A título de ilustração para que se compreenda um pouco o uso atual que tem sido feito dos manuais, principalmente do DSM, de acordo com alguns autores, destaca-se:

(...) se o DSM permitiu um grande avanço no reconhecimento da psiquiatria como especialidade médica de pleno direito, seu procedimento comportava dialeticamente o gérmen de sua contradição.

Correlativamente, o uso maciço do DSM, como referente central para a prática psiquiátrica contemporânea, acabou por produzir um grave efeito colateral não-imanente ao manual, mas aparentemente incontornável: o empobrecimento radical da clínica psiquiátrica em favor de uma prática centrada no estabelecimento do diagnóstico formalizado pelo DSM (ou por algum outro sistema que obedece a princípios semelhantes, como a Classificação Internacional de Doenças, da OMS).
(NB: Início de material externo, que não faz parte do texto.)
(* Let $(G,\mathbf p)$ be a framework (with $\mathbf p$ pinned with $\ell$-dimensional affine span) with $\dim(K)=1$, let $E$ be a stiff-bar energy at $\mathbf p$, and let $f(\delta\mathbf p)=E(\mathbf p+\delta\mathbf p)-E(\mathbf p)$ on $\ell$-pinned configuration space. Let $k\ge2$ be an integer and suppose that $(G,\mathbf p)$ has a $(1,k-1)$-flex $$\mathbf p(t)=\mathbf p+\mathbf p't+\mathbf p''t^2+\cdots+\mathbf p^{(k-1)}t^{k-1}$$ with $|\mathbf p'|=1$ and $\mathbf p^{(j)}\in\overline K$ for $2\le j\le k-1$. Then the family $$\delta\mathbf p(t;y_0,\mathbf p_0^{(k)})=y_0\mathbf p't+y_0^2\mathbf p''t^2+\cdots+y_0^{k-1}\mathbf p^{(k-1)}t^{k-1}+\mathbf p_0^{(k)}t^k,$$ parameterized by $(y_0,\mathbf p_0^{(k)})$ in the unit sphere of $\mathbb R\times\overline K$, is indicative at order $2k$ for $f$ (at the origin).
   Context: Fix a dimension $d$. A configuration is $\mathbf p=(\mathbf p_1,\dots,\mathbf p_n)$, $\mathbf p_i\in\mathbb R^d$; a framework $(G,\mathbf p)$ consists of a graph $G$ on $\{1,\dots,n\}$ and a configuration. A configuration $\mathbf q$ is in $\ell$-pinned position if $\mathbf q_1=0$ and, for $2\le i\le\ell+1$, $\mathbf q_i\in\mathrm{span}(e_1,\dots,e_{i-1})$; these form the $\ell$-pinned configuration space. $\mathbf p$ is pinned if it has $\ell$-dimensional affine span, $\mathbf p_1,\dots,\mathbf p_{\ell+1}$ are affinely independent, and $\mathbf p$ is in $\ell$-pinned position. All trajectories are $\ell$-pinned. A $C^k$ function $\varphi(t)$ is $k$-vanishing if $\varphi^{(i)}(0)=0$ for $1\le i\le k$, $k$-active if $(k-1)$-vanishing but not $k$-vanishing. With $\mathbf m(\mathbf q)=(|\mathbf q_i-\mathbf q_j|^2)_{ij\in E(G)}$, a $(j,k)$-flex is an analytic non-constant $\ell$-pinned trajectory $\mathbf p(t)$, $\mathbf p(0)=\mathbf p$, that is $j$-active with $\mathbf m(\mathbf p(t))$ $k$-vanishing. $K$ is the linear space of $\ell$-pinned $\mathbf p'$ with $(\mathbf p_v-\mathbf p_w)\cdot(\mathbf p'_v-\mathbf p'_w)=0$ for all edges $vw$, $\overline K$ a fixed complementary subspace. A stiff-bar energy at $\mathbf p$ is $E(\mathbf q)=\sum_{ij\in E(G)}E_{ij}(|\mathbf q_i-\mathbf q_j|)$, each $E_{ij}$ analytic at $d_{ij}=|\mathbf p_i-\mathbf p_j|\ne0$ with a strict local minimum there and $E_{ij}''(d_{ij})>0$. A family of test trajectories $\{\mathbf z(t;\mathbf z_0)\}_{\mathbf z_0\in S}$ consists of maps defined for $t$ in a common interval $[0,\varepsilon]$, each $t\mapsto\mathbf z(t;\mathbf z_0)$ analytic, non-constant, with $\mathbf z(0;\mathbf z_0)=0$. For a $C^{2k+1}$ function $f$ with a critical point at $0$ and $f(0)=0$, it is indicative at order $2k$ for $f$ if: (I1) $S$ is compact; (I2) $(t,\mathbf z_0)\mapsto\mathbf z(t;\mathbf z_0)$ is $C^{2k+1}$; (I3) for every $0<\delta\le\varepsilon$ there is a neighborhood $U$ of the origin such that every point of $U$ equals $\mathbf z(t;\mathbf z_0)$ for some $\mathbf z_0\in S$, $t\in[0,\delta]$; (I4) for every $\mathbf z_0\in S$ all Taylor coefficients in $t$ of $f(\mathbf z(t;\mathbf z_0))$ of order less than $2k$ vanish. *)

theory Defs
  imports "HOL-Analysis.Analysis"
begin

text \<open>Configurations: vertices indexed by the finite type 'n, points in real^'d.
  The numbering of vertices 1..n and of coordinate axes e_1..e_d is given by
  bijections vert and ax.\<close>

definition pinned_pos :: "(nat \<Rightarrow> 'n) \<Rightarrow> (nat \<Rightarrow> 'd::finite) \<Rightarrow> nat \<Rightarrow> real^'d^'n \<Rightarrow> bool" where
  "pinned_pos vert ax l q \<longleftrightarrow>
     q $ vert 1 = 0 \<and>
     (\<forall>i\<in>{2..l+1}. q $ vert i \<in> span ((\<lambda>j. axis (ax j) (1::real)) ` {1..i-1}))"

definition pinned_space :: "(nat \<Rightarrow> 'n) \<Rightarrow> (nat \<Rightarrow> 'd::finite) \<Rightarrow> nat \<Rightarrow> (real^'d^'n) set" where
  "pinned_space vert ax l = {q. pinned_pos vert ax l q}"

definition is_pinned :: "(nat \<Rightarrow> 'n) \<Rightarrow> (nat \<Rightarrow> 'd::finite) \<Rightarrow> nat \<Rightarrow> real^'d^'n \<Rightarrow> bool" where
  "is_pinned vert ax l p \<longleftrightarrow>
     aff_dim (range (\<lambda>v. p $ v)) = int l \<and>
     inj_on (\<lambda>i. p $ vert i) {1..l+1} \<and>
     \<not> affine_dependent ((\<lambda>i. p $ vert i) ` {1..l+1}) \<and>
     pinned_pos vert ax l p"

text \<open>A simple graph, given by an orientation of its edges (each edge listed once).\<close>
definition simple_graph_edges :: "('n \<times> 'n) set \<Rightarrow> bool" where
  "simple_graph_edges Edges \<longleftrightarrow> (\<forall>(i,j)\<in>Edges. i \<noteq> j \<and> (j,i) \<notin> Edges)"

definition meas :: "real^'d^'n \<Rightarrow> 'n \<times> 'n \<Rightarrow> real" where
  "meas q e = (norm (q $ fst e - q $ snd e))^2"

definition vderiv :: "(real \<Rightarrow> 'a::real_normed_vector) \<Rightarrow> real \<Rightarrow> 'a" where
  "vderiv g = (\<lambda>x. vector_derivative g (at x))"

definition k_vanishing :: "nat \<Rightarrow> (real \<Rightarrow> 'a::real_normed_vector) \<Rightarrow> bool" where
  "k_vanishing k \<phi> \<longleftrightarrow> (\<forall>i\<in>{1..k}. (vderiv ^^ i) \<phi> 0 = 0)"

definition k_active :: "nat \<Rightarrow> (real \<Rightarrow> 'a::real_normed_vector) \<Rightarrow> bool" where
  "k_active k \<phi> \<longleftrightarrow> k_vanishing (k - 1) \<phi> \<and> \<not> k_vanishing k \<phi>"

definition real_analytic_on :: "real set \<Rightarrow> (real \<Rightarrow> 'a::real_normed_vector) \<Rightarrow> bool" where
  "real_analytic_on S g \<longleftrightarrow>
     (\<forall>x\<in>S. \<exists>r>0. \<exists>a::nat \<Rightarrow> 'a. \<forall>y\<in>ball x r. (\<lambda>n. ((y - x)^n) *\<^sub>R a n) sums g y)"

definition is_flex :: "(nat \<Rightarrow> 'n) \<Rightarrow> (nat \<Rightarrow> 'd::finite) \<Rightarrow> nat \<Rightarrow> ('n \<times> 'n) set
      \<Rightarrow> real^'d^'n \<Rightarrow> (real \<Rightarrow> real^'d^'n) \<Rightarrow> nat \<Rightarrow> nat \<Rightarrow> bool" where
  "is_flex vert ax l Edges p q j k \<longleftrightarrow>
     (\<exists>\<epsilon>>0. real_analytic_on (ball 0 \<epsilon>) q \<and> (\<exists>t\<in>ball 0 \<epsilon>. q t \<noteq> q 0) \<and>
            (\<forall>t\<in>ball 0 \<epsilon>. pinned_pos vert ax l (q t))) \<and>
     q 0 = p \<and> k_active j q \<and> (\<forall>e\<in>Edges. k_vanishing k (\<lambda>t. meas (q t) e))"

definition Kspace :: "(nat \<Rightarrow> 'n) \<Rightarrow> (nat \<Rightarrow> 'd::finite) \<Rightarrow> nat \<Rightarrow> ('n \<times> 'n) set
      \<Rightarrow> real^'d^'n \<Rightarrow> (real^'d^'n) set" where
  "Kspace vert ax l Edges p =
     {q \<in> pinned_space vert ax l. \<forall>e\<in>Edges. (p $ fst e - p $ snd e) \<bullet> (q $ fst e - q $ snd e) = 0}"

definition is_complement :: "'a::real_vector set \<Rightarrow> 'a set \<Rightarrow> 'a set \<Rightarrow> bool" where
  "is_complement V K Kbar \<longleftrightarrow> subspace Kbar \<and> Kbar \<subseteq> V \<and> K \<inter> Kbar = {0} \<and>
     V \<subseteq> {a + b | a b. a \<in> K \<and> b \<in> Kbar}"

definition stiff_bar_energy :: "('n \<times> 'n) set \<Rightarrow> real^'d^'n \<Rightarrow> ('n \<times> 'n \<Rightarrow> real \<Rightarrow> real) \<Rightarrow> bool" where
  "stiff_bar_energy Edges p Ee \<longleftrightarrow>
     (\<forall>e\<in>Edges. let d = norm (p $ fst e - p $ snd e) in
        d \<noteq> 0 \<and> real_analytic_on {d} (Ee e) \<and>
        (\<exists>r>0. \<forall>x. 0 < \<bar>x - d\<bar> \<and> \<bar>x - d\<bar> < r \<longrightarrow> Ee e d < Ee e x) \<and>
        deriv (deriv (Ee e)) d > 0)"

definition energy :: "('n \<times> 'n) set \<Rightarrow> ('n \<times> 'n \<Rightarrow> real \<Rightarrow> real) \<Rightarrow> real^'d^'n \<Rightarrow> real" where
  "energy Edges Ee q = (\<Sum>e\<in>Edges. Ee e (norm (q $ fst e - q $ snd e)))"

text \<open>C^m on an open set U (finite-dimensional domain): iterated Frechet derivatives
  D j x [h_1,...,h_j] up to order m exist and are continuous in x.\<close>
definition Ck_on :: "nat \<Rightarrow> 'a::euclidean_space set \<Rightarrow> ('a \<Rightarrow> 'b::real_normed_vector) \<Rightarrow> bool" where
  "Ck_on m U g \<longleftrightarrow> open U \<and>
     (\<exists>D :: nat \<Rightarrow> 'a \<Rightarrow> 'a list \<Rightarrow> 'b.
        (\<forall>x\<in>U. D 0 x [] = g x) \<and>
        (\<forall>j<m. \<forall>hs. length hs = j \<longrightarrow>
           (\<forall>x\<in>U. ((\<lambda>y. D j y hs) has_derivative (\<lambda>h. D (Suc j) x (h # hs))) (at x))) \<and>
        (\<forall>j\<le>m. \<forall>hs. length hs = j \<longrightarrow> continuous_on U (\<lambda>y. D j y hs)))"

definition test_family :: "'a::real_normed_vector set \<Rightarrow> real \<Rightarrow> 's set \<Rightarrow> (real \<Rightarrow> 's \<Rightarrow> 'a) \<Rightarrow> bool" where
  "test_family V \<epsilon> S z \<longleftrightarrow> \<epsilon> > 0 \<and>
     (\<forall>z0\<in>S. real_analytic_on {0..\<epsilon>} (\<lambda>t. z t z0) \<and> (\<exists>t\<in>{0..\<epsilon>}. z t z0 \<noteq> z 0 z0) \<and>
             z 0 z0 = 0 \<and> (\<forall>t\<in>{0..\<epsilon>}. z t z0 \<in> V))"

definition indicative :: "'a::euclidean_space set \<Rightarrow> real \<Rightarrow> 's::euclidean_space set
      \<Rightarrow> (real \<Rightarrow> 's \<Rightarrow> 'a) \<Rightarrow> ('a \<Rightarrow> real) \<Rightarrow> nat \<Rightarrow> bool" where
  "indicative V \<epsilon> S z f k \<longleftrightarrow>
     test_family V \<epsilon> S z \<and>
     compact S \<and>
     (\<exists>U. {0..\<epsilon>} \<times> S \<subseteq> U \<and> Ck_on (2*k+1) U (\<lambda>(t,z0). z t z0)) \<and>
     (\<forall>\<delta>. 0 < \<delta> \<and> \<delta> \<le> \<epsilon> \<longrightarrow>
        (\<exists>r>0. \<forall>q\<in>V. norm q < r \<longrightarrow> (\<exists>z0\<in>S. \<exists>t\<in>{0..\<delta>}. q = z t z0))) \<and>
     (\<forall>z0\<in>S. \<forall>i<2*k. (vderiv ^^ i) (\<lambda>t. f (z t z0)) 0 = 0)"

end

theory Submission
  imports Defs "HOL-Complex_Analysis.Complex_Singularities"
begin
Do diagnóstico, decorre um procedimento técnico, em geral de tipo medicamentoso, com marcado esvaziamento da importância atribuída à relação psiquiatra-paciente, à escuta da palavra singular do sujeito e à dimensão de experiência humana fundamental do sofrimento, da angústia, da loucura e da exclusão, reduzidos, assim, a questões técnicas e a efeitos periféricos de determinações biológicas absolutas (Pereira, 2013, p.40).

É evidente que as pesquisas auxiliam no tratamento e na compreensão dos transtornos mentais, no entanto, na medida em que as investigações aumentam e iniciam-se esforços de quantificar o fenômeno e o mal-estar, os profissionais parecem ficar cada vez menos dispostos a escutarem os pacientes e consequentemente isto produz um empobrecimento da escuta clínica. Tal como já mencionado, para o autor, não se trata de criticar os instrumentos ou o tipo de proposta, mas colocar em pauta uma reflexão acerca do uso que os profissionais do campo da saúde mental fazem com os dispositivos atuais. O que leva a pensar também nas características da formação que se oferece a estes especialistas.